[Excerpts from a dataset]
lemma delsarte_param_sqrt:
  fixes Q c n :: real
  assumes Q: "2 \<le> Q" and n: "2 \<le> n" and c: "0 \<le> c"
  defines "D \<equiv> (sqrt (Q^2 + 4 * (Q - 1) * (n - 2)) + 2 * c + Q - 4) / (2 * Q)"
  shows "delsarte_param Q c n D"
    and "sqrt ((Q - 1) * n) / Q - 2 \<le> D"
    and "n * (Q - 1) / Q^2 \<le> (D + 2)^2"
proof -
  define S where "S = sqrt (Q^2 + 4 * (Q - 1) * (n - 2))"
  define y where "y = sqrt ((Q - 1) * n)"
  have S2: "S^2 = Q^2 + 4 * (Q - 1) * (n - 2)"
    unfolding S_def using Q n by (intro real_sqrt_pow2) auto
  have y2: "y^2 = (Q - 1) * n"
    unfolding y_def using Q n by (intro real_sqrt_pow2) auto
  have D_S: "D = (S + 2 * c + Q - 4) / (2 * Q)"
    unfolding D_def S_def ..
  then have "2 * Q * D - (2 * c + Q - 4) = S"
    using Q by (simp add: field_simps)
  then show "delsarte_param Q c n D"
    unfolding delsarte_param_def using S2 by (simp add: algebra_simps)
  have "2 * y - 2 * Q \<le> S"
  proof (cases "Q \<le> y")
    case True
    have "Q * Q \<le> Q * y" "2 * Q \<le> Q * Q"
      using True Q by (intro mult_left_mono mult_right_mono; simp)+
    moreover have "(2 * y - 2 * Q)^2 = 4 * y^2 - 8 * (Q * y) + 4 * (Q * Q)"
      by algebra
    moreover have "Q^2 + 4 * (Q - 1) * (n - 2) = Q * Q + 4 * (Q * n) - 4 * n - 8 * Q + 8"
      by algebra
    moreover have "y^2 = Q * n - n"
      using y2 by (simp add: algebra_simps)
    ultimately have "(2 * y - 2 * Q)^2 \<le> Q^2 + 4 * (Q - 1) * (n - 2)"
      using Q by linarith
    then show ?thesis
      unfolding S_def by (rule real_le_rsqrt)
  next
    case False
    have "0 \<le> S"
      unfolding S_def using Q n by simp
    with False show ?thesis
      by linarith
  qed
  then have "(2 * y - 2 * Q + Q - 4) / (2 * Q) \<le> D"
    unfolding D_S using Q c by (intro divide_right_mono) auto
  moreover have "(2 * y - 2 * Q + Q - 4) / (2 * Q) = y / Q - 1 / 2 - 2 / Q"
    using Q by (simp add: field_simps)
  moreover have "2 / Q \<le> 1"
    using Q by simp
  ultimately show growth: "sqrt ((Q - 1) * n) / Q - 2 \<le> D"
    unfolding y_def by linarith
  have "(sqrt ((Q - 1) * n) / Q)^2 \<le> (D + 2)^2"
    using growth Q n by (intro power_mono) auto
  then show "n * (Q - 1) / Q^2 \<le> (D + 2)^2"
    using Q n by (simp add: power_divide mult.commute)
qed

*Problem description*. Copy down each line in the entries that has the word "linarith".

*Answer space*.
      using Q by linarith
      by linarith
    unfolding y_def by linarith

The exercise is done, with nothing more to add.